===== Dataset entries

lemma fact_eq_move_word_left:
  assumes cc: "conj_closed G Ob" and t: "set t \<subseteq> Ob" and w: "set w \<subseteq> Ob"
  shows "fact_eq G Ob (w @ t) (conj_word (inv (word_prod w)) t @ w)"
proof -
  have Ob: "Ob \<subseteq> carrier G" using cc unfolding conj_closed_def by blast
  then have p: "word_prod w \<in> carrier G" using w by auto
  let ?t' = "conj_word (inv (word_prod w)) t"
  have "set ?t' \<subseteq> Ob" using conj_word_in_conj_closed[OF cc t] p by simp
  from fact_eq_move_word_right[OF cc this w] show ?thesis
    using conj_word_inv_cancel t Ob p by (metis fact_eq_sym order_trans)
qed

lemma s_equiv_word_prod_eq:
  assumes Ob: "Ob \<subseteq> carrier G" and "s_equiv G Ob s1 s2"
    and s1: "set s1 \<subseteq> carrier G" and s2: "set s2 \<subseteq> carrier G"
  shows "word_prod s1 = word_prod s2"
proof -
  from assms(2) obtain s3 s4 where "fact_word Ob s3" "fact_word Ob s4"
    and eq: "fact_eq G Ob (s3 @ s1 @ s4) (s3 @ s2 @ s4)"
    unfolding s_equiv_def by blast
  then have s3: "set s3 \<subseteq> carrier G" and s4: "set s4 \<subseteq> carrier G"
    using Ob unfolding fact_word_def by auto
  have "word_prod s3 \<otimes> (word_prod s1 \<otimes> word_prod s4) = word_prod s3 \<otimes> (word_prod s2 \<otimes> word_prod s4)"
    using fact_eq_word_prod[OF Ob eq] s1 s2 s3 s4 by (simp add: word_prod_append)
  then show ?thesis using s1 s2 s3 s4 by simp
qed

lemma s_equiv_imp_r_equiv:
  assumes cc: "conj_closed G Ob" and equiv: "s_equiv G Ob s1 s2"
    and s1: "set s1 \<subseteq> Ob" and s2: "set s2 \<subseteq> Ob"
  shows "r_equiv G Ob s1 s2"
proof -
  have Ob: "Ob \<subseteq> carrier G" using cc unfolding conj_closed_def by blast
  from equiv obtain s3 s4 where s3: "fact_word Ob s3" and s4: "fact_word Ob s4"
    and eq: "fact_eq G Ob (s3 @ s1 @ s4) (s3 @ s2 @ s4)"
    unfolding s_equiv_def by blast
  define p where "p = word_prod s1"
  have p: "p \<in> carrier G" using s1 Ob unfolding p_def by auto
  have p2: "word_prod s2 = p"
    using s_equiv_word_prod_eq[OF Ob equiv] s1 s2 Ob unfolding p_def by auto
  have move: "fact_eq G Ob (s3 @ s @ s4) (s @ conj_word p s3 @ s4)"
    if "set s \<subseteq> Ob" "word_prod s = p" for s
    using fact_eq_append_context[OF fact_eq_move_word_right[OF cc _ that(1)], of s3 "[]" s4]
      s3 that unfolding fact_word_def by auto
  have "fact_eq G Ob (s1 @ conj_word p s3 @ s4) (s2 @ conj_word p s3 @ s4)"
    using move[OF s1 p_def[symmetric]] move[OF s2 p2] eq by (meson fact_eq_sym fact_eq_trans)
  moreover have "fact_word Ob (conj_word p s3 @ s4)"
    using conj_word_in_conj_closed[OF cc _ p] s3 s4 unfolding fact_word_def by auto
  ultimately show ?thesis unfolding r_equiv_def by blast
qed

lemma s_equiv_imp_l_equiv:
  assumes cc: "conj_closed G Ob" and equiv: "s_equiv G Ob s1 s2"
    and s1: "set s1 \<subseteq> Ob" and s2: "set s2 \<subseteq> Ob"
  shows "l_equiv G Ob s1 s2"
proof -
  have Ob: "Ob \<subseteq> carrier G" using cc unfolding conj_closed_def by blast
  from equiv obtain s3 s4 where s3: "fact_word Ob s3" and s4: "fact_word Ob s4"
    and eq: "fact_eq G Ob (s3 @ s1 @ s4) (s3 @ s2 @ s4)"
    unfolding s_equiv_def by blast
  define p where "p = word_prod s1"
  have inv_p: "inv p \<in> carrier G" using s1 Ob unfolding p_def by auto
  have p2: "word_prod s2 = p"
    using s_equiv_word_prod_eq[OF Ob equiv] s1 s2 Ob unfolding p_def by auto
  have move: "fact_eq G Ob (s3 @ s @ s4) (s3 @ conj_word (inv p) s4 @ s)"
    if "set s \<subseteq> Ob" "word_prod s = p" for s
    using fact_eq_append_context[OF fact_eq_move_word_left[OF cc _ that(1)], where p = s3 and q = "[]"]
      s4 that unfolding fact_word_def by auto
  have "fact_eq G Ob ((s3 @ conj_word (inv p) s4) @ s1) ((s3 @ conj_word (inv p) s4) @ s2)"
    using move[OF s1 p_def[symmetric]] move[OF s2 p2] eq by (simp, meson fact_eq_sym fact_eq_trans)
  moreover have "fact_word Ob (s3 @ conj_word (inv p) s4)"
    using conj_word_in_conj_closed[OF cc _ inv_p] s3 s4 unfolding fact_word_def by auto
  ultimately show ?thesis unfolding l_equiv_def by blast
qed

end

lemma r_equiv_imp_s_equiv:
  assumes "fact_word Ob s1" "r_equiv G Ob s1 s2"
  shows "s_equiv G Ob s1 s2"
proof -
  from assms(2) obtain s3 where "fact_word Ob s3" "fact_eq G Ob (s1 @ s3) (s2 @ s3)"
    unfolding r_equiv_def by blast
  with assms(1) show ?thesis
    unfolding s_equiv_def by (metis append.assoc append_Nil2 fact_eq_append_context)
qed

==========

## What is being asked
Extract each line from the entries above that contains the string "obtain".

## Answer section
  from assms(2) obtain s3 s4 where "fact_word Ob s3" "fact_word Ob s4"
  from equiv obtain s3 s4 where s3: "fact_word Ob s3" and s4: "fact_word Ob s4"
  from equiv obtain s3 s4 where s3: "fact_word Ob s3" and s4: "fact_word Ob s4"
  from assms(2) obtain s3 where "fact_word Ob s3" "fact_eq G Ob (s1 @ s3) (s2 @ s3)"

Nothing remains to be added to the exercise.